lemma vlines_eq_same_corners:
  assumes "valid_tblock n (s, i1, j1, k1, i2, j2, k2)"
    and "valid_tblock n (s', i1', j1', k1', i2', j2', k2')"
    and "vlines (s, i1, j1, k1, i2, j2, k2) = vlines (s', i1', j1', k1', i2', j2', k2')"
  shows "i1 = i1' \<and> i2 = i2' \<and> j1 = j1' \<and> j2 = j2'"
proof -
  have "{i1, i2} = {i1', i2'}" "{j1, j2} = {j1', j2'}"
    using arg_cong[OF assms(3), of "image fst"] arg_cong[OF assms(3), of "image snd"]
    by (simp_all add: insert_commute)
  then show ?thesis
    using assms(1,2) by (auto simp: doubleton_eq_iff)
qed

definition opposite_pair :: "nat \<Rightarrow> tblock \<Rightarrow> tblock \<Rightarrow> bool" where
  "opposite_pair n T1 T2 \<longleftrightarrow>
     valid_tblock n T1 \<and> valid_tblock n T2 \<and> depth T1 = - depth T2 \<and> vlines T1 = vlines T2"

definition pairs_hm :: "(tblock \<times> tblock) list \<Rightarrow> hypermatrix" where
  "pairs_hm ps = (\<lambda>i j k. \<Sum>(T1, T2) \<leftarrow> ps. tblock_hm T1 i j k + tblock_hm T2 i j k)"

definition tpair_decomposable :: "nat \<Rightarrow> hypermatrix \<Rightarrow> bool" where
  "tpair_decomposable n D \<longleftrightarrow>
     (\<exists>ps. (\<forall>(T1, T2) \<in> set ps. opposite_pair n T1 T2) \<and> D = pairs_hm ps)"
text \<open>The key consequence of isotropy: since lambda(A_lambda) = <lambda, lambda> = 0,
  A_lambda centralizes k_lambda, so by invariance b(A_lambda, [x, w]) = 0 for x in k_lambda;
  as b(A_lambda, -) is the h0-coordinate on p_lambda, the brackets [x, w] are x_0-free.\<close>
lemma klam_brackets_x0_free:
  assumes SR: "strongly_reductive_superpair sc g0 g1 br \<theta> b"
    and cartan: "even_cartan_even_type sc g0 g1 br \<theta> a"
    and A: "A \<in> a" "\<forall>h\<in>a. b A h = lam h" "b A A = 0"
    and h0: "h0 \<in> a" "lam h0 = 1"
    and f: "module.span sc (f ` {..<n}) = p1lam sc g0 g1 br \<theta> a lam"
    and x: "x \<in> klam_even sc br (k1lam sc g0 g1 br \<theta> a lam) \<union> k1lam sc g0 g1 br \<theta> a lam"
  shows "x0_free (pvec sc h0 A f n (br x w))"
proof -
  note LS = superpair_facts(1)[OF SR]
  note M = lie_superalgebra_facts(1)[OF LS]
  have Ag0: "A \<in> g0" using cartan A(1) by (auto simp: even_cartan_even_type_def)
  have lamA: "lam A = 0" using A(2)[rule_format, OF A(1)] A(3) by simp
  have centr: "u \<in> g1 \<and> br A u = 0"
    if "u \<in> set_plus (wsp sc g0 g1 br a 1 lam) (wsp sc g0 g1 br a 1 (\<lambda>h. - lam h))" for u
    using weight_pair_centralized[OF LS A(1) lamA that] .
  have K1: "\<And>u. u \<in> k1lam sc g0 g1 br \<theta> a lam \<Longrightarrow> u \<in> g1 \<and> br A u = 0"
    using centr by (auto simp: k1lam_def)
  have brAx: "br A x = 0"
  proof (cases "x \<in> k1lam sc g0 g1 br \<theta> a lam")
    case True
    then show ?thesis using K1 by blast
  next
    case False
    then show ?thesis using x by (intro klam_even_centralized[OF LS Ag0 K1]) simp_all
  qed
  have "b A (br x w) = b (br A x) w" by (rule superpair_facts(5)[OF SR, symmetric])
  also have "\<dots> = 0" using brAx module_hom.zero[OF superpair_facts(3)[OF SR, of w]] by simp
  finally have bw: "b A (br x w) = 0" .
  have fg1: "f j \<in> g1" if "j < n" for j
  proof -
    have "f j \<in> module.span sc (f ` {..<n})" by (rule module.span_base[OF M]) (use that in blast)
    then have "f j \<in> p1lam sc g0 g1 br \<theta> a lam" using f by simp
    then show ?thesis using centr by (auto simp: p1lam_def)
  qed
  have dual: "b A v = (if v = h0 then 1 else 0)" if v: "v \<in> pbasis h0 A f n" for v
  proof (cases "v = h0")
    case True
    then show ?thesis using A(2) h0 by simp
  next
    case False
    with v have "v = A \<or> (\<exists>j<n. v = f j)" by (auto simp: pbasis_def)
    then show ?thesis using False A(3) fg1 superpair_facts(4)[OF SR Ag0] by auto
  qed
  show ?thesis by (rule pvec_x0_free[where b = b and A = A, OF M superpair_facts(2)[OF SR] dual bw])
qed
lemma integrable_id_of_AE_bounded:
  fixes \<mu> :: "real measure"
  assumes "finite_measure \<mu>" "sets \<mu> = sets borel" "AE x in \<mu>. 0 \<le> x \<and> x \<le> B"
  shows "integrable \<mu> (\<lambda>x. x)"
proof -
  interpret finite_measure \<mu> by fact
  have "(\<lambda>x. x) \<in> borel_measurable \<mu>"
    unfolding measurable_cong_sets[OF assms(2) refl] by simp
  then show ?thesis
    using assms(3) by (intro integrable_const_bound[where B=B]) auto
qed

text \<open>The staircase below the identity has a mean that is a positive combination of measures of
  half-lines, to which the hypothesis applies term by term.\<close>

lemma integral_id_le_of_measure_le:
  fixes \<mu> \<nu> :: "real measure" and B c \<delta> :: real
  assumes "prob_space \<mu>" "prob_space \<nu>"
    and sets_\<mu>: "sets \<mu> = sets borel" and sets_\<nu>: "sets \<nu> = sets borel"
    and range_\<mu>: "AE x in \<mu>. 0 \<le> x \<and> x \<le> B" and range_\<nu>: "AE x in \<nu>. 0 \<le> x \<and> x \<le> B"
    and "0 \<le> c"
    and measure_le: "\<And>A. A \<in> sets borel \<Longrightarrow> measure \<mu> A \<le> c * measure \<nu> A + \<delta>"
  shows "(\<integral>x. x \<partial>\<mu>) \<le> c * (\<integral>x. x \<partial>\<nu>) + \<delta> * B"
proof (rule field_le_epsilon)
  fix e :: real assume "0 < e"
  interpret \<mu>: prob_space \<mu> by fact
  have "AE x in \<mu>. 0 \<le> B"
    using range_\<mu> by eventually_elim auto
  then have "0 \<le> B" by simp
  obtain N :: nat where N: "B / e < real N"
    using reals_Archimedean2 by blast
  with \<open>0 \<le> B\<close> \<open>0 < e\<close> have "0 < N"
    by (metis divide_nonneg_pos not_gr_zero not_less of_nat_0)
  define h where "h = B / real N"
  have "0 \<le> h" "real N * h = B"
    using \<open>0 \<le> B\<close> \<open>0 < N\<close> by (simp_all add: h_def)
  have "h < e"
    using N \<open>0 < N\<close> \<open>0 < e\<close> by (simp add: h_def pos_divide_less_eq mult.commute)
  define \<phi> where "\<phi> x = (\<Sum>j\<in>{1..N}. h * indicator {real j * h<..} x)" for x :: real
  have \<phi>_approx: "0 \<le> x \<and> x \<le> B \<Longrightarrow> \<phi> x \<le> x \<and> x \<le> \<phi> x + h" for x
    unfolding \<phi>_def by (rule staircase_approx[OF \<open>0 \<le> h\<close>]) (use \<open>real N * h = B\<close> in auto)
  have finite: "finite_measure \<mu>" "finite_measure \<nu>"
    using assms(1,2) by (auto intro: prob_space.axioms(1))
  have integrable_\<phi>: "integrable Q \<phi>" if "finite_measure Q" "sets Q = sets borel" for Q
    unfolding \<phi>_def using that by (rule integrable_staircase)
  have integral_\<phi>: "(\<integral>x. \<phi> x \<partial>Q) = (\<Sum>j\<in>{1..N}. h * measure Q {real j * h<..})"
    if "finite_measure Q" "sets Q = sets borel" for Q
    unfolding \<phi>_def using that by (intro integral_staircase) auto
  have "AE x in \<mu>. x \<le> \<phi> x + h"
    using range_\<mu> by eventually_elim (use \<phi>_approx in blast)
  then have "(\<integral>x. x \<partial>\<mu>) \<le> (\<integral>x. \<phi> x + h \<partial>\<mu>)"
    using integrable_id_of_AE_bounded[OF finite(1) sets_\<mu> range_\<mu>] integrable_\<phi>[OF finite(1) sets_\<mu>]
    by (intro integral_mono_AE) auto
  also have "\<dots> = (\<Sum>j\<in>{1..N}. h * measure \<mu> {real j * h<..}) + h"
    using integrable_\<phi>[OF finite(1) sets_\<mu>] integral_\<phi>[OF finite(1) sets_\<mu>]
    by (simp add: \<mu>.prob_space)
  also have "\<dots> \<le> (\<Sum>j\<in>{1..N}. h * (c * measure \<nu> {real j * h<..} + \<delta>)) + h"
    using measure_le \<open>0 \<le> h\<close> by (intro add_right_mono sum_mono mult_left_mono) auto
  also have "\<dots> = c * (\<integral>x. \<phi> x \<partial>\<nu>) + \<delta> * B + h"
    using integral_\<phi>[OF finite(2) sets_\<nu>] \<open>real N * h = B\<close>
    by (simp add: algebra_simps sum.distrib sum_distrib_left)
  also have "\<dots> \<le> c * (\<integral>x. x \<partial>\<nu>) + \<delta> * B + h"
  proof -
    have "AE x in \<nu>. \<phi> x \<le> x"
      using range_\<nu> by eventually_elim (use \<phi>_approx in blast)
    then have "(\<integral>x. \<phi> x \<partial>\<nu>) \<le> (\<integral>x. x \<partial>\<nu>)"
      using integrable_id_of_AE_bounded[OF finite(2) sets_\<nu> range_\<nu>] integrable_\<phi>[OF finite(2) sets_\<nu>]
      by (intro integral_mono_AE)
    then show ?thesis
      using \<open>0 \<le> c\<close> by (simp add: mult_left_mono)
  qed
  finally show "(\<integral>x. x \<partial>\<mu>) \<le> c * (\<integral>x. x \<partial>\<nu>) + \<delta> * B + e"
    using \<open>h < e\<close> by simp
qed

lemma power_sum_PiE:
  fixes a :: "'i \<Rightarrow> 'a::comm_semiring_1"
  assumes "finite I"
  shows "(\<Sum>i\<in>I. a i) ^ k = (\<Sum>f\<in>PiE {..<k} (\<lambda>_. I). \<Prod>j<k. a (f j))"
  using prod_sum_PiE[of "{..<k}" "\<lambda>_. I" "\<lambda>_. a"] assms by simp

lemma measurable_merge_resample:
  assumes "J \<subseteq> K"
  shows "merge (K - J) J \<in> Pi\<^sub>M K M \<Otimes>\<^sub>M Pi\<^sub>M K M \<rightarrow>\<^sub>M Pi\<^sub>M K M"
proof (rule measurable_PiM_single')
  fix i assume "i \<in> K"
  then show "(\<lambda>p. merge (K - J) J p i) \<in> Pi\<^sub>M K M \<Otimes>\<^sub>M Pi\<^sub>M K M \<rightarrow>\<^sub>M M i"
    unfolding merge_def split_beta' by (cases "i \<in> J") auto
qed (use assms in \<open>auto simp: merge_def space_pair_measure space_PiM PiE_iff extensional_def\<close>)

text \<open>Merging reads only K - J from the first sample and J from the second, so it factors through
  the two independent restrictions, whose joint law is the product of the marginals.\<close>

lemma (in product_prob_space) distr_merge_resample:
  assumes "finite K" "J \<subseteq> K"
  shows "distr (Pi\<^sub>M K M \<Otimes>\<^sub>M Pi\<^sub>M K M) (Pi\<^sub>M K M) (merge (K - J) J) = Pi\<^sub>M K M"
proof -
  let ?restrict = "\<lambda>(S, T). (restrict S (K - J), restrict T J)"
  have K: "(K - J) \<union> J = K"
    using assms(2) by blast
  have restrict_meas: "?restrict \<in> Pi\<^sub>M K M \<Otimes>\<^sub>M Pi\<^sub>M K M \<rightarrow>\<^sub>M Pi\<^sub>M (K - J) M \<Otimes>\<^sub>M Pi\<^sub>M J M"
    unfolding split_beta' using assms
    by (intro measurable_Pair measurable_compose[OF measurable_fst measurable_restrict_subset]
        measurable_compose[OF measurable_snd measurable_restrict_subset]) auto
  have merge_meas: "merge (K - J) J \<in> Pi\<^sub>M (K - J) M \<Otimes>\<^sub>M Pi\<^sub>M J M \<rightarrow>\<^sub>M Pi\<^sub>M K M"
    using measurable_merge[of "K - J" J M] K by simp
  have "distr (Pi\<^sub>M K M \<Otimes>\<^sub>M Pi\<^sub>M K M) (Pi\<^sub>M (K - J) M \<Otimes>\<^sub>M Pi\<^sub>M J M) ?restrict
      = distr (Pi\<^sub>M K M) (Pi\<^sub>M (K - J) M) (\<lambda>S. restrict S (K - J))
          \<Otimes>\<^sub>M distr (Pi\<^sub>M K M) (Pi\<^sub>M J M) (\<lambda>T. restrict T J)"
    using assms by (intro pair_measure_distr[symmetric] measurable_restrict_subset)
      (auto simp: distr_restrict[symmetric] intro!: prob_space_imp_sigma_finite prob_space_PiM prob_space)
  also have "\<dots> = Pi\<^sub>M (K - J) M \<Otimes>\<^sub>M Pi\<^sub>M J M"
    using assms by (simp add: distr_restrict[symmetric])
  finally have restrict_distr:
    "distr (Pi\<^sub>M K M \<Otimes>\<^sub>M Pi\<^sub>M K M) (Pi\<^sub>M (K - J) M \<Otimes>\<^sub>M Pi\<^sub>M J M) ?restrict
      = Pi\<^sub>M (K - J) M \<Otimes>\<^sub>M Pi\<^sub>M J M" .
  have "merge (K - J) J = merge (K - J) J \<circ> ?restrict"
    by (auto simp: merge_def fun_eq_iff)
  then have "distr (Pi\<^sub>M K M \<Otimes>\<^sub>M Pi\<^sub>M K M) (Pi\<^sub>M K M) (merge (K - J) J)
      = distr (Pi\<^sub>M (K - J) M \<Otimes>\<^sub>M Pi\<^sub>M J M) (Pi\<^sub>M K M) (merge (K - J) J)"
    by (metis distr_distr[OF merge_meas restrict_meas] restrict_distr)
  also have "\<dots> = Pi\<^sub>M K M"
    using distr_merge[of "K - J" J] assms K finite_subset by auto
  finally show ?thesis .
qed

lemma (in product_prob_space) integral_merge_resample:
  fixes g :: "('i \<Rightarrow> 'a) \<Rightarrow> real"
  assumes "finite K" "J \<subseteq> K" "g \<in> borel_measurable (Pi\<^sub>M K M)"
  shows "(\<integral>p. g (merge (K - J) J p) \<partial>(Pi\<^sub>M K M \<Otimes>\<^sub>M Pi\<^sub>M K M)) = (\<integral>S. g S \<partial>Pi\<^sub>M K M)"
  using integral_distr[OF measurable_merge_resample[OF assms(2)] assms(3)]
    distr_merge_resample[OF assms(1,2)] by simp

lemma merge_resample_in_space:
  assumes "J \<subseteq> K" "S \<in> space (Pi\<^sub>M K M)" "T \<in> space (Pi\<^sub>M K M)"
  shows "merge (K - J) J (S, T) \<in> space (Pi\<^sub>M K M)"
  using assms by (auto simp: space_PiM PiE_iff merge_def extensional_def)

Work task -
Scan the data above for the word "note" and report every line where it is found.

Reply to the task -
  note LS = superpair_facts(1)[OF SR]
  note M = lie_superalgebra_facts(1)[OF LS]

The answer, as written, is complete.